### SOURCE DATA

definition in_colored_sum ::
  "'a set \<Rightarrow> ('a \<Rightarrow> 'a \<Rightarrow> color option) \<Rightarrow> 'a set \<Rightarrow> ('a \<Rightarrow> 'a \<Rightarrow> color option) \<Rightarrow>
   'a set \<Rightarrow> ('a \<Rightarrow> 'a \<Rightarrow> color option) \<Rightarrow> bool" where
  "in_colored_sum V c V1 c1 V2 c2 \<longleftrightarrow> colgraph V c \<and> V = V1 \<union> V2 \<and>
     (\<forall>u \<in> V1. \<forall>v \<in> V1. c u v = c1 u v) \<and> (\<forall>u \<in> V2. \<forall>v \<in> V2. c u v = c2 u v) \<and>
     (\<forall>u \<in> V1. \<forall>w \<in> V2. c u w \<noteq> None)"

definition no_good_pair ::
  "('a \<Rightarrow> 'a \<Rightarrow> color option) \<Rightarrow> 'a list \<Rightarrow> 'a list \<Rightarrow> bool" where
  "no_good_pair c C1 C2 \<longleftrightarrow> (\<forall>v w v' w' k. v \<in> set C1 \<longrightarrow> w \<in> set C2 \<longrightarrow> c v w = Some k \<longrightarrow>
      cyc_nbr c C1 k v v' \<longrightarrow> cyc_nbr c C2 k w w' \<longrightarrow> c v' w' \<noteq> Some k)"

definition non_singular :: "('a \<Rightarrow> 'a \<Rightarrow> color option) \<Rightarrow> 'a \<Rightarrow> 'a set \<Rightarrow> bool" where
  "non_singular c v W \<longleftrightarrow> (\<exists>w \<in> W. \<exists>w' \<in> W. c v w = Some Red \<and> c v w' = Some Blue)"

end

theory Submission
  imports Defs
begin

text \<open>
  Index both cycles by the integers, as periodic sequences x and y in which the edge
  {x i, x (i + 1)} has colour alt_color p i and {y j, y (j + 1)} has colour alt_color q j.
  Call an exterior edge {x i, y j} in phase if these two cycle edges have the same colour; it is
  an A-pair if it has that colour as well, and a B-pair otherwise. The absence of good pairs says
  exactly that an A-pair at (i, j) is followed by an A-pair at (i + 1, j + 1), so by periodicity
  both kinds of pairs are invariant under diagonal shifts. A non-singular vertex on each side
  forces, after reversing C2 if necessary, both kinds of in-phase pairs to occur; hence every x a
  has an A-pair y j next to a B-pair y (j + D), for D = 2 and for D = -2. An A-pair at (a, j) and
  a B-pair at (a, j + k1 - k2) close the alternating cycle
  x a, ..., x (a + k1 - 1), y (j + k1 - 1), ..., y (j + k1 - k2),
  and every admissible length other than 2n + 2m splits as k1 + k2 with k1 - k2 congruent to
  2 or -2 modulo 2n and 2m. The Hamiltonian cycle is glued from two such blocks, using one
  transition of each sign.
\<close>

section \<open>Alternating paths\<close>

fun flip :: "color \<Rightarrow> color" where
  "flip Red = Blue" | "flip Blue = Red"

definition alt_color :: "color \<Rightarrow> int \<Rightarrow> color" where
  "alt_color p i = (if even i then p else flip p)"

lemma flip_flip [simp]: "flip (flip k) = k"
  by (cases k) auto

lemma flip_neq [simp]: "flip k \<noteq> k" "k \<noteq> flip k"
  by (cases k; simp)+

lemma color_neq_iff_flip: "k \<noteq> k' \<longleftrightarrow> k' = flip k"
  by (cases k; cases k') auto

lemma option_color_flip: "x \<noteq> None \<Longrightarrow> x \<noteq> Some k \<Longrightarrow> x = Some (flip k)"
  by (cases x) (auto simp: color_neq_iff_flip[symmetric])

lemma alt_color_0 [simp]: "alt_color p 0 = p"
  by (simp add: alt_color_def)

lemma alt_color_eq_iff:
  "alt_color p i = alt_color q j \<longleftrightarrow> (p = q \<longleftrightarrow> (even i \<longleftrightarrow> even j))"
  unfolding alt_color_def by (cases p; cases q) auto

lemma alt_color_add: "alt_color (alt_color p a) b = alt_color p (a + b)"
  by (auto simp: alt_color_def)

lemma flip_alt_color: "flip (alt_color p i) = alt_color p (i + 1)"
  by (auto simp: alt_color_def)

lemma alt_color_flip: "alt_color (flip p) i = alt_color p (i + 1)"
  by (auto simp: alt_color_def)

lemma alt_color_cong: "even (i - j) \<Longrightarrow> alt_color p i = alt_color p j"
  by (auto simp: alt_color_eq_iff)

lemma alt_color_eq_shift:
  "alt_color p i = alt_color q j \<Longrightarrow> even (d - d') \<Longrightarrow> alt_color p (i + d) = alt_color q (j + d')"
  by (cases p; cases q) (auto simp: alt_color_def split: if_splits)

definition alt_path :: "('a \<Rightarrow> 'a \<Rightarrow> color option) \<Rightarrow> color \<Rightarrow> 'a list \<Rightarrow> bool" where
  "alt_path c p xs \<longleftrightarrow>
     (\<forall>t. Suc t < length xs \<longrightarrow> c (xs ! t) (xs ! Suc t) = Some (alt_color p (int t)))"

lemma alt_path_append:
  assumes xs: "alt_path c p xs" "xs \<noteq> []"
    and ys: "alt_path c (alt_color p (int (length xs))) ys"
    and link: "c (last xs) (hd ys) = Some (alt_color p (int (length xs) - 1))"
  shows "alt_path c p (xs @ ys)"
  unfolding alt_path_def
proof (intro allI impI)
  fix t assume t: "Suc t < length (xs @ ys)"
  consider "Suc t < length xs" | "Suc t = length xs" | "length xs \<le> t" by linarith
  then show "c ((xs @ ys) ! t) ((xs @ ys) ! Suc t) = Some (alt_color p (int t))"
  proof cases
    case 1
    then show ?thesis using xs(1) by (simp add: alt_path_def nth_append)
  next
    case 2
    then have "last xs = xs ! t" "int t = int (length xs) - 1" "ys \<noteq> []"
      using xs(2) t 2[symmetric] by (auto simp: last_conv_nth)
    then show ?thesis using 2[symmetric] link by (simp add: nth_append hd_conv_nth)
  next
    case 3
    then have "c (ys ! (t - length xs)) (ys ! Suc (t - length xs)) =
        Some (alt_color p (int (length xs) + int (t - length xs)))"
      using ys t by (simp add: alt_path_def alt_color_add)
    then show ?thesis using 3 by (simp add: nth_append Suc_diff_le)
  qed
qed

lemma alt_path_rev:
  assumes sym: "\<And>u v. c u v = c v u" and xs: "alt_path c p xs"
  shows "alt_path c (alt_color p (int (length xs))) (rev xs)"
  unfolding alt_path_def
proof (intro allI impI)
  fix t assume t: "Suc t < length (rev xs)"
  define s where "s = length xs - Suc (Suc t)"
  have s: "Suc s < length xs" "length xs - Suc t = Suc s" "length xs - Suc (Suc t) = s"
    using t by (auto simp: s_def)
  have "c (xs ! s) (xs ! Suc s) = Some (alt_color p (int s))"
    using xs s(1) by (simp add: alt_path_def)
  moreover have "alt_color p (int s) = alt_color p (int (length xs) + int t)"
    by (rule alt_color_cong) (use t in \<open>simp add: s_def\<close>)
  ultimately show "c (rev xs ! t) (rev xs ! Suc t) =
      Some (alt_color (alt_color p (int (length xs))) (int t))"
    using t s by (simp add: rev_nth alt_color_add sym[of "xs ! s"])
qed

lemma alt_cycle_of_path:
  assumes dist: "distinct xs" and len: "3 \<le> length xs" "even (length xs)"
    and path: "alt_path c p xs"
    and close: "c (last xs) (hd xs) = Some (alt_color p (int (length xs) - 1))"
  shows "alt_cycle c xs"
proof -
  let ?L = "length xs"
  have edge: "c (xs ! t) (xs ! ((t + 1) mod ?L)) = Some (alt_color p (int t))" if "t < ?L" for t
  proof (cases "Suc t < ?L")
    case True
    then show ?thesis using path by (simp add: alt_path_def)
  next
    case False
    then have L: "?L = Suc t" using that by simp
    moreover have "xs \<noteq> []" using len by auto
    ultimately have "(t + 1) mod ?L = 0" "int t = int ?L - 1" "xs ! t = last xs" "xs ! 0 = hd xs"
      by (simp_all add: last_conv_nth hd_conv_nth)
    then show ?thesis using close by simp
  qed
  have parity: "even (int ((t + 1) mod ?L)) \<longleftrightarrow> even (int t + 1)" for t
  proof -
    have "even ((t + 1) mod ?L) \<longleftrightarrow> even (t + 1)"
      using len(2) by (simp add: even_iff_mod_2_eq_zero mod_mod_cancel)
    then show ?thesis by simp
  qed
  show ?thesis
    unfolding alt_cycle_def
  proof (intro conjI allI impI)
    fix t assume t: "t < ?L"
    have t1: "(t + 1) mod ?L < ?L" using t by (intro mod_less_divisor) auto
    have "((t + 1) mod ?L + 1) mod ?L = (t + 2) mod ?L" by (simp add: mod_Suc_eq)
    then show "c (xs ! t) (xs ! ((t + 1) mod ?L)) \<noteq>
        c (xs ! ((t + 1) mod ?L)) (xs ! ((t + 2) mod ?L))"
      using edge[OF t] edge[OF t1] parity[of t] by (simp add: alt_color_eq_iff)
  qed (use dist len edge in auto)
qed

lemma alt_cycle_cong:
  assumes agree: "\<And>u v. u \<in> set xs \<Longrightarrow> v \<in> set xs \<Longrightarrow> c u v = c' u v"
    and cyc: "alt_cycle c' xs"
  shows "alt_cycle c xs"
proof -
  have agree_nth: "c (xs ! i) (xs ! j) = c' (xs ! i) (xs ! j)"
    if "i < length xs" "j < length xs" for i j
    using agree that by simp
  have "xs \<noteq> []" using cyc by (auto simp: alt_cycle_def)
  then show ?thesis
    using cyc unfolding alt_cycle_def by (simp add: agree_nth)
qed

section \<open>Cycles as periodic integer sequences\<close>

definition segment :: "(int \<Rightarrow> 'a) \<Rightarrow> int \<Rightarrow> nat \<Rightarrow> 'a list" where
  "segment f a k = map (\<lambda>t. f (a + int t)) [0..<k]"

lemma length_segment [simp]: "length (segment f a k) = k"
  by (simp add: segment_def)

lemma nth_segment [simp]: "t < k \<Longrightarrow> segment f a k ! t = f (a + int t)"
  by (simp add: segment_def)

lemma segment_eq_Nil_iff [simp]: "segment f a k = [] \<longleftrightarrow> k = 0"
  by (simp add: segment_def)

lemma hd_segment: "0 < k \<Longrightarrow> hd (segment f a k) = f a"
  by (simp add: segment_def upt_conv_Cons)

lemma last_segment: "0 < k \<Longrightarrow> last (segment f a k) = f (a + int k - 1)"
  by (cases k) (simp_all add: segment_def)

lemma segment_add: "segment f a (k + l) = segment f a k @ segment f (a + int k) l"
proof -
  have "[k..<k + l] = map (\<lambda>t. t + k) [0..<l]"
    by (simp add: map_add_upt add.commute)
  then show ?thesis by (simp add: segment_def upt_add_eq_append[of 0 k] algebra_simps)
qed

lemma set_segment: "set (segment f a k) = f ` {a..<a + int k}"
proof -
  have "{a..<a + int k} = (\<lambda>t. a + int t) ` {0..<k}"
    by (auto simp: image_iff intro!: bexI[of _ "nat (_ - a)"])
  then show ?thesis by (simp add: segment_def image_image)
qed

lemma set_segment_subset: "set (segment f a k) \<subseteq> range f"
  by (auto simp: set_segment)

######

(TASK INSTRUCTIONS): Look through the data above for the string "shows" and copy every line where it appears.

(TASK RESULT):
  shows "alt_path c p (xs @ ys)"
  shows "alt_path c (alt_color p (int (length xs))) (rev xs)"
  shows "alt_cycle c xs"
  shows "alt_cycle c xs"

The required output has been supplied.